[[ Records for this exercise open ]]

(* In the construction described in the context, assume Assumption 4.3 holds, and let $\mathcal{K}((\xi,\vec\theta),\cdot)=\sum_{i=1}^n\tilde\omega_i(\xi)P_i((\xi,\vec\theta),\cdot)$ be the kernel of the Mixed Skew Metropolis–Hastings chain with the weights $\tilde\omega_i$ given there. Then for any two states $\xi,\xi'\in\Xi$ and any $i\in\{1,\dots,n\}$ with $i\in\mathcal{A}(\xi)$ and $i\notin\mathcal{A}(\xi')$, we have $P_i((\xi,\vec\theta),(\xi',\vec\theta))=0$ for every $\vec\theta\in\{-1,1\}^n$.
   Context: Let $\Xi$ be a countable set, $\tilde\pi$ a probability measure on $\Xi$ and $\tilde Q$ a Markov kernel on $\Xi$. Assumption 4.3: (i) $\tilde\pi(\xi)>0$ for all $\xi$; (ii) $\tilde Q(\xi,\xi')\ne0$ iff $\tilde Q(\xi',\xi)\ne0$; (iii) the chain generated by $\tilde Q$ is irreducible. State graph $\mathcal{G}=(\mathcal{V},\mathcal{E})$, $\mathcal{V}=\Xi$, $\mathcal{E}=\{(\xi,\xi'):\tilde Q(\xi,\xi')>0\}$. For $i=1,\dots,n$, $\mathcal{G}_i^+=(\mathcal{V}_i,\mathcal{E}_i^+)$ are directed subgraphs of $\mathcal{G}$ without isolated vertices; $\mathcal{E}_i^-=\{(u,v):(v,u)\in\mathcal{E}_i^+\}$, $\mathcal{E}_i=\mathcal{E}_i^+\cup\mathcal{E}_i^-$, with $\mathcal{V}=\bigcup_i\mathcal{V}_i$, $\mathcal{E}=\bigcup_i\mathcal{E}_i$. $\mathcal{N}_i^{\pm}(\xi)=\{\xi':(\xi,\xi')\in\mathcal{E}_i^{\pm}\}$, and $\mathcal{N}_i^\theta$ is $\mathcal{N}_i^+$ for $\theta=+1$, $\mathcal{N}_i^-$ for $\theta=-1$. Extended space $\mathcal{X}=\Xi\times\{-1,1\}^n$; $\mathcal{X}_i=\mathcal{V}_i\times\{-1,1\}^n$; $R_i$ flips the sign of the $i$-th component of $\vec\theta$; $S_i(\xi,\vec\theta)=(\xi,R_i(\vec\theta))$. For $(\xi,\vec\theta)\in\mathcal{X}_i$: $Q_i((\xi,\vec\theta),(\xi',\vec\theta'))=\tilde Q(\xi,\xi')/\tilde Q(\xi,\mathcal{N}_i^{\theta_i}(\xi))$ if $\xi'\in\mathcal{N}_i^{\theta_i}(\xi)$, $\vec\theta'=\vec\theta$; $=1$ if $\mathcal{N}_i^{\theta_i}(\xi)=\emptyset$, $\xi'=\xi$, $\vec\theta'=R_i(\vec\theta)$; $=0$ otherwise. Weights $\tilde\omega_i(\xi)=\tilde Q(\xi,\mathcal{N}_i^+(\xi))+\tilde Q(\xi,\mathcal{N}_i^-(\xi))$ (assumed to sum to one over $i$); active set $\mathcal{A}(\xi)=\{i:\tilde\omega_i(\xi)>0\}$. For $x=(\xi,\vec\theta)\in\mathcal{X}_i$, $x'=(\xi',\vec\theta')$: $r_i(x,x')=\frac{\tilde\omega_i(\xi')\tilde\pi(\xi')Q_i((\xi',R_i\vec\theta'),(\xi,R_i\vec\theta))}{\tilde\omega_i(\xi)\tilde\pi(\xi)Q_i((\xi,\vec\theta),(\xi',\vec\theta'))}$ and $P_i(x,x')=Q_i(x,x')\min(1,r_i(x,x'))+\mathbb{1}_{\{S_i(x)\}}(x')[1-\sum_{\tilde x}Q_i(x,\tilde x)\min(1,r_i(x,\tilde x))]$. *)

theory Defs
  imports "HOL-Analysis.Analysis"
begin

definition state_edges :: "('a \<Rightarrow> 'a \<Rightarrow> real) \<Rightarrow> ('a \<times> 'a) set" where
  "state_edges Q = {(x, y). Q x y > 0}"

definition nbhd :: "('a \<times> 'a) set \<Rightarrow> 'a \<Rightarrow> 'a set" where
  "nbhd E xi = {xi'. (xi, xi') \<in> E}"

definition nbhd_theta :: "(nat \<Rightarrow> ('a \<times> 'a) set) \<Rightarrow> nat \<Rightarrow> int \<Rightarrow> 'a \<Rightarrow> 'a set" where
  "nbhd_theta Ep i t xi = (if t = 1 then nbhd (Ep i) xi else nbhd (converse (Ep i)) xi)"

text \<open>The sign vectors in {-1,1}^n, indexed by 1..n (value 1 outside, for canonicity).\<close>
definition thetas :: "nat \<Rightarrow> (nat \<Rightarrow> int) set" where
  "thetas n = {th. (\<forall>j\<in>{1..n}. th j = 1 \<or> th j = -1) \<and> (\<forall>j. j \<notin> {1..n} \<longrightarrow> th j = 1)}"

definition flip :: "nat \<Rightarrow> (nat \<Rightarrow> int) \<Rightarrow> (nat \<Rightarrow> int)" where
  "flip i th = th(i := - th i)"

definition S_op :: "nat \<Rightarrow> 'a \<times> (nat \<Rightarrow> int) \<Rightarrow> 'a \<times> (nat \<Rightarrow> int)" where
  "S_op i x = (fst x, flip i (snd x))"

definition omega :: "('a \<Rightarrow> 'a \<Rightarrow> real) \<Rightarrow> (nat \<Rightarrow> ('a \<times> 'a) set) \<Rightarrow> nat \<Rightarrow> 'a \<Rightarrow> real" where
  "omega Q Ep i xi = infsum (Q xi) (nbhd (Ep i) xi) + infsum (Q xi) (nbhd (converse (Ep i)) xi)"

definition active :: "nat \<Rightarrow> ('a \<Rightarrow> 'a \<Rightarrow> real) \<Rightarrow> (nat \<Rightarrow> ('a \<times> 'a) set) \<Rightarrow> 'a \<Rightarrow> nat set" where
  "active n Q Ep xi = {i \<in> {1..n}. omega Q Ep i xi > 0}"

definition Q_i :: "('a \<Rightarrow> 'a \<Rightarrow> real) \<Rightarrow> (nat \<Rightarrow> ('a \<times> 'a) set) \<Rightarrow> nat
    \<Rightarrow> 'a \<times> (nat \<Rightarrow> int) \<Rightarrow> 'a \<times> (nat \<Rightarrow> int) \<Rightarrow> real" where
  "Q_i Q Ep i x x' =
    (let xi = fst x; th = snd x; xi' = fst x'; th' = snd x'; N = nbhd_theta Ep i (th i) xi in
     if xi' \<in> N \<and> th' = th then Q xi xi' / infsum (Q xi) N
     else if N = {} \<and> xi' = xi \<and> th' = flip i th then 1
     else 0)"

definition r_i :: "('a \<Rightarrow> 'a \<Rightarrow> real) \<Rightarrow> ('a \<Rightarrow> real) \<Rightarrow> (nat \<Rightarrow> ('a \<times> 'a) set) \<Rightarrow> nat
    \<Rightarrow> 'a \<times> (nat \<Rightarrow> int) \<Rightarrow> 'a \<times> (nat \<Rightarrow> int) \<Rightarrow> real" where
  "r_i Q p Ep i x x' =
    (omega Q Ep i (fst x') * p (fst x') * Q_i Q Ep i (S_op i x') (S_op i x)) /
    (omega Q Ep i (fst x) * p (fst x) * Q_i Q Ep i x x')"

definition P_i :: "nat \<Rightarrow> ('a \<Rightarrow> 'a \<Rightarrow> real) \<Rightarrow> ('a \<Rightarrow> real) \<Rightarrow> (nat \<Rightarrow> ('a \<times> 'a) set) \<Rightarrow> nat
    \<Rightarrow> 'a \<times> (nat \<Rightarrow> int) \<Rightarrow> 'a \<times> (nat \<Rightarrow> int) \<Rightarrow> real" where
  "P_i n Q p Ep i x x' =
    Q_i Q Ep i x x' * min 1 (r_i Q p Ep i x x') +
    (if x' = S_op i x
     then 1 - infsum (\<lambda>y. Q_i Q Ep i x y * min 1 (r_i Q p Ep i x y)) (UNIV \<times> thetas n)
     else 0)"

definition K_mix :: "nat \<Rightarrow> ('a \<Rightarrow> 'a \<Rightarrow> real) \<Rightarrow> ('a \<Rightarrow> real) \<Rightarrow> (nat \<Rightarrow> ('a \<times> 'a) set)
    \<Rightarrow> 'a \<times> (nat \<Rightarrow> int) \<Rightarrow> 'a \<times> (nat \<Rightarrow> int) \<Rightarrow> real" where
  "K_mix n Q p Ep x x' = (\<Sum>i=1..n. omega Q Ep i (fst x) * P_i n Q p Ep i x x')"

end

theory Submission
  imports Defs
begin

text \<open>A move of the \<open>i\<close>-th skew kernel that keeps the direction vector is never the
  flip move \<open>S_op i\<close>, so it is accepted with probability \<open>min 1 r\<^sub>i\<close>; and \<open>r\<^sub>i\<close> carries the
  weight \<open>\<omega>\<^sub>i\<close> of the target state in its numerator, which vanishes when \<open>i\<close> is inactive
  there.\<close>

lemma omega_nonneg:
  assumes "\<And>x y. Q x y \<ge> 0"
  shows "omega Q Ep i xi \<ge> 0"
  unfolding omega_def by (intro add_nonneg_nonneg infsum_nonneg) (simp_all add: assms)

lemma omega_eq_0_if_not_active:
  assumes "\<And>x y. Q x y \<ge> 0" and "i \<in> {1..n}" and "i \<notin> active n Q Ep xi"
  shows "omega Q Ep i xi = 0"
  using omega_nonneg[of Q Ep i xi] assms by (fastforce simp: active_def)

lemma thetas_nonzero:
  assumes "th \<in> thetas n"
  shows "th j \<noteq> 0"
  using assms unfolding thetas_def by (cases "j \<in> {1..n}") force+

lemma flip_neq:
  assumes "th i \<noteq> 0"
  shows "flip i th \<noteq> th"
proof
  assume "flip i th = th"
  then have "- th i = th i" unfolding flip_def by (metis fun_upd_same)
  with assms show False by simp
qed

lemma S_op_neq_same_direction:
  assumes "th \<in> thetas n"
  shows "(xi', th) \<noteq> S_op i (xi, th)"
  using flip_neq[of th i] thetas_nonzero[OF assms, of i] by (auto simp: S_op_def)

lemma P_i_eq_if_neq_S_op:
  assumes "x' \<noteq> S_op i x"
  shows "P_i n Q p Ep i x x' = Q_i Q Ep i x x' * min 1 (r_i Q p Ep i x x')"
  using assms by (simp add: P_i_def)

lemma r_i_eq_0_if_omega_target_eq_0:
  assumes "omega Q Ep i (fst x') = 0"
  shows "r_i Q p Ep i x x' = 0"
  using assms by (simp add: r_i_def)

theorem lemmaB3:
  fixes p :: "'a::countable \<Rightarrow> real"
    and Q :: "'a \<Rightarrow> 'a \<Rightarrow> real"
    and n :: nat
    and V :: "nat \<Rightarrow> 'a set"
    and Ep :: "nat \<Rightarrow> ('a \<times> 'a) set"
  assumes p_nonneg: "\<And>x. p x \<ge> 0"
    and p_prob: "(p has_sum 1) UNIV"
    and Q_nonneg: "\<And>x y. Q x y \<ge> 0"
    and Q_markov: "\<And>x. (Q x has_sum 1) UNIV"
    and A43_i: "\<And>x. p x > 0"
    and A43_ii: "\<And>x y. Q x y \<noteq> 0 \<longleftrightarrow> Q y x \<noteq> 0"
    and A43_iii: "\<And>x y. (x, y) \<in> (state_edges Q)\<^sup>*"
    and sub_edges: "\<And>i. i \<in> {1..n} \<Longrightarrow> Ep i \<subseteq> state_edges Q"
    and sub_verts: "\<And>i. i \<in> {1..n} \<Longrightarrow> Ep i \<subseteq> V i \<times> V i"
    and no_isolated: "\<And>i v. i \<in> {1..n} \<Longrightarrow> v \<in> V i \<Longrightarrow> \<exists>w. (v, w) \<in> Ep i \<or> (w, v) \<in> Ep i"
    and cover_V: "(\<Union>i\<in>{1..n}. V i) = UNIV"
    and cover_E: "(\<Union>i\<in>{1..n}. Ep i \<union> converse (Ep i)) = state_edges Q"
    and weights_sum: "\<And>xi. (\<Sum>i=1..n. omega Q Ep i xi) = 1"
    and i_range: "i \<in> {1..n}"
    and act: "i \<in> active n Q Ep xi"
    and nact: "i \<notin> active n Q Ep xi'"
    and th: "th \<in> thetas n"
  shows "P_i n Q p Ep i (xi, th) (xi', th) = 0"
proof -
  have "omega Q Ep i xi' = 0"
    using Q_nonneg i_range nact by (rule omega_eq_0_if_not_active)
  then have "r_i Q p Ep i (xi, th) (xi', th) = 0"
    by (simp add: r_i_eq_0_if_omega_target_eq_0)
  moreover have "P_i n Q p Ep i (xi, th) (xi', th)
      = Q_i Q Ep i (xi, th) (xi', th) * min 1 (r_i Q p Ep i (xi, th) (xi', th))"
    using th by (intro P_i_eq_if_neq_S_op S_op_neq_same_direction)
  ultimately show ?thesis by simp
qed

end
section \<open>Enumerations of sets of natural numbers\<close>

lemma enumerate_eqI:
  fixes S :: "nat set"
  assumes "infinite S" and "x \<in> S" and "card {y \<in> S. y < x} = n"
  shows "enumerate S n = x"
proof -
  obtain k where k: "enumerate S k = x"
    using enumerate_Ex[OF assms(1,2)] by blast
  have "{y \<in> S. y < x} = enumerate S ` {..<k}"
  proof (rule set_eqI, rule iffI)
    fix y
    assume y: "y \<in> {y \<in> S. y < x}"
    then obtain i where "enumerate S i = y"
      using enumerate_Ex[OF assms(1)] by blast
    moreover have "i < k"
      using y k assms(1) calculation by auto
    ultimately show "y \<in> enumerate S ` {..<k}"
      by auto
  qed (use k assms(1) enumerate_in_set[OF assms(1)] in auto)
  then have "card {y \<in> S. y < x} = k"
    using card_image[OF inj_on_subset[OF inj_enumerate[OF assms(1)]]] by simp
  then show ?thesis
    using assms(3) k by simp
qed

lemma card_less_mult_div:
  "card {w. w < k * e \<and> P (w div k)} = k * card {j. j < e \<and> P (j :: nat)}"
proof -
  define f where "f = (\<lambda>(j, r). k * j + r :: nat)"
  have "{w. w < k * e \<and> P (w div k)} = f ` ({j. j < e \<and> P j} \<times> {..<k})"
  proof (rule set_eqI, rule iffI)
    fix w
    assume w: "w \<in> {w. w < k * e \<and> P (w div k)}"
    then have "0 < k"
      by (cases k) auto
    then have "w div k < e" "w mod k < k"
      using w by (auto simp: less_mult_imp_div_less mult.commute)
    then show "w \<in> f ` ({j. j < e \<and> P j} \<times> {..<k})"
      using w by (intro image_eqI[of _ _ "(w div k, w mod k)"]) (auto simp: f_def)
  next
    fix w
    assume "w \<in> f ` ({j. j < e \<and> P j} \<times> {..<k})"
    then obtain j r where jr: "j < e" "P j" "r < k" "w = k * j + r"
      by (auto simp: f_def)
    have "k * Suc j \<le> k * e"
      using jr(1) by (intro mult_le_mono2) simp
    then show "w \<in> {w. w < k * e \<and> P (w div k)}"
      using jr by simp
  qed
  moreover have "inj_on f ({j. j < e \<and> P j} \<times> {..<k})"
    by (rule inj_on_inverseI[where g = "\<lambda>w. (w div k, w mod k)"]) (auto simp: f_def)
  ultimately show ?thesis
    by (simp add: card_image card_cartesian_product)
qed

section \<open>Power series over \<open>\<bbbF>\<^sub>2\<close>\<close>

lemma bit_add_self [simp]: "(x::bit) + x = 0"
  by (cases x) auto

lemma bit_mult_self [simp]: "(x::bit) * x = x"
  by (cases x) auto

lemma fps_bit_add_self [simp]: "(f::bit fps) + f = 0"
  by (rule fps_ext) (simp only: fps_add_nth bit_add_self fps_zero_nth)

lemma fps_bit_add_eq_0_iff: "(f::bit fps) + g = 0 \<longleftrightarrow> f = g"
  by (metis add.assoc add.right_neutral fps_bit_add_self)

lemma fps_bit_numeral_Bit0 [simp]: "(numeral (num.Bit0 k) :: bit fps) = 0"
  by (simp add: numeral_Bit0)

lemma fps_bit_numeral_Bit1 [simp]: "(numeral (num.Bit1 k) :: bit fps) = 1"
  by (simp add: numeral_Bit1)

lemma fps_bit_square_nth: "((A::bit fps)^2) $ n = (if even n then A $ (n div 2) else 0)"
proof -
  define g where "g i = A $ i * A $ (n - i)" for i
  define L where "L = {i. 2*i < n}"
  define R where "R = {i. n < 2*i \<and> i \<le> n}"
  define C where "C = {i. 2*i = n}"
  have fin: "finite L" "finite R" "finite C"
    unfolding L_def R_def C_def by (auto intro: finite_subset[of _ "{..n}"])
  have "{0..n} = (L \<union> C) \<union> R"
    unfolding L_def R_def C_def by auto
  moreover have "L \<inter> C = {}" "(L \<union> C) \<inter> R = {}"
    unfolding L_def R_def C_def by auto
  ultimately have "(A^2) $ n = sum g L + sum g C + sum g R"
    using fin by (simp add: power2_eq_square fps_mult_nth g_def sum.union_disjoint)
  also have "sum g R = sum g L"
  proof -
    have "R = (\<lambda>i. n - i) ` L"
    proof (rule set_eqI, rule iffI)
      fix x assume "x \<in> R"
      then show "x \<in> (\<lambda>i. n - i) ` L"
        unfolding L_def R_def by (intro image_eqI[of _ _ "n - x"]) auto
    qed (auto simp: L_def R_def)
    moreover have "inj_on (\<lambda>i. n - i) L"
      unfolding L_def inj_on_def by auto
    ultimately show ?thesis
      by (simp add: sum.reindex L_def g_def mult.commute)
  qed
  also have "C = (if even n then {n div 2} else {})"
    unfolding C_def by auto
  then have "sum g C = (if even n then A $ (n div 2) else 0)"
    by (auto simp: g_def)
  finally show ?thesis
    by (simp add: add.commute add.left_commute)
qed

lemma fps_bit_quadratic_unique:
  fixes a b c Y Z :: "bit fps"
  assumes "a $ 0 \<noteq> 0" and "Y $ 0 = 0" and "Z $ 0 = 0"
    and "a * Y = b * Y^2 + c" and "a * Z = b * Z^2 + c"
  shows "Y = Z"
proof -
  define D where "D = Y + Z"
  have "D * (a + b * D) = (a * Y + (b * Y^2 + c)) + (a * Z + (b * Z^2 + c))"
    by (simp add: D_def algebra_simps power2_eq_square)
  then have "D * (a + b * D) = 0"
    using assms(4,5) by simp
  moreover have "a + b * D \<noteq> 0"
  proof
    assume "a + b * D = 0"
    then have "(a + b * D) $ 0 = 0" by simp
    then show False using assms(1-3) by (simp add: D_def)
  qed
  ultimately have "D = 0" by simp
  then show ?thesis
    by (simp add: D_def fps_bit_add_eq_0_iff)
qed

[[ Records for this exercise closed ]]

**Task instructions:** Check each line of the listing above. Copy the ones with the word "there".

**Response area:**
(* In the construction described in the context, assume Assumption 4.3 holds, and let $\mathcal{K}((\xi,\vec\theta),\cdot)=\sum_{i=1}^n\tilde\omega_i(\xi)P_i((\xi,\vec\theta),\cdot)$ be the kernel of the Mixed Skew Metropolis–Hastings chain with the weights $\tilde\omega_i$ given there. Then for any two states $\xi,\xi'\in\Xi$ and any $i\in\{1,\dots,n\}$ with $i\in\mathcal{A}(\xi)$ and $i\notin\mathcal{A}(\xi')$, we have $P_i((\xi,\vec\theta),(\xi',\vec\theta))=0$ for every $\vec\theta\in\{-1,1\}^n$.
  there.\<close>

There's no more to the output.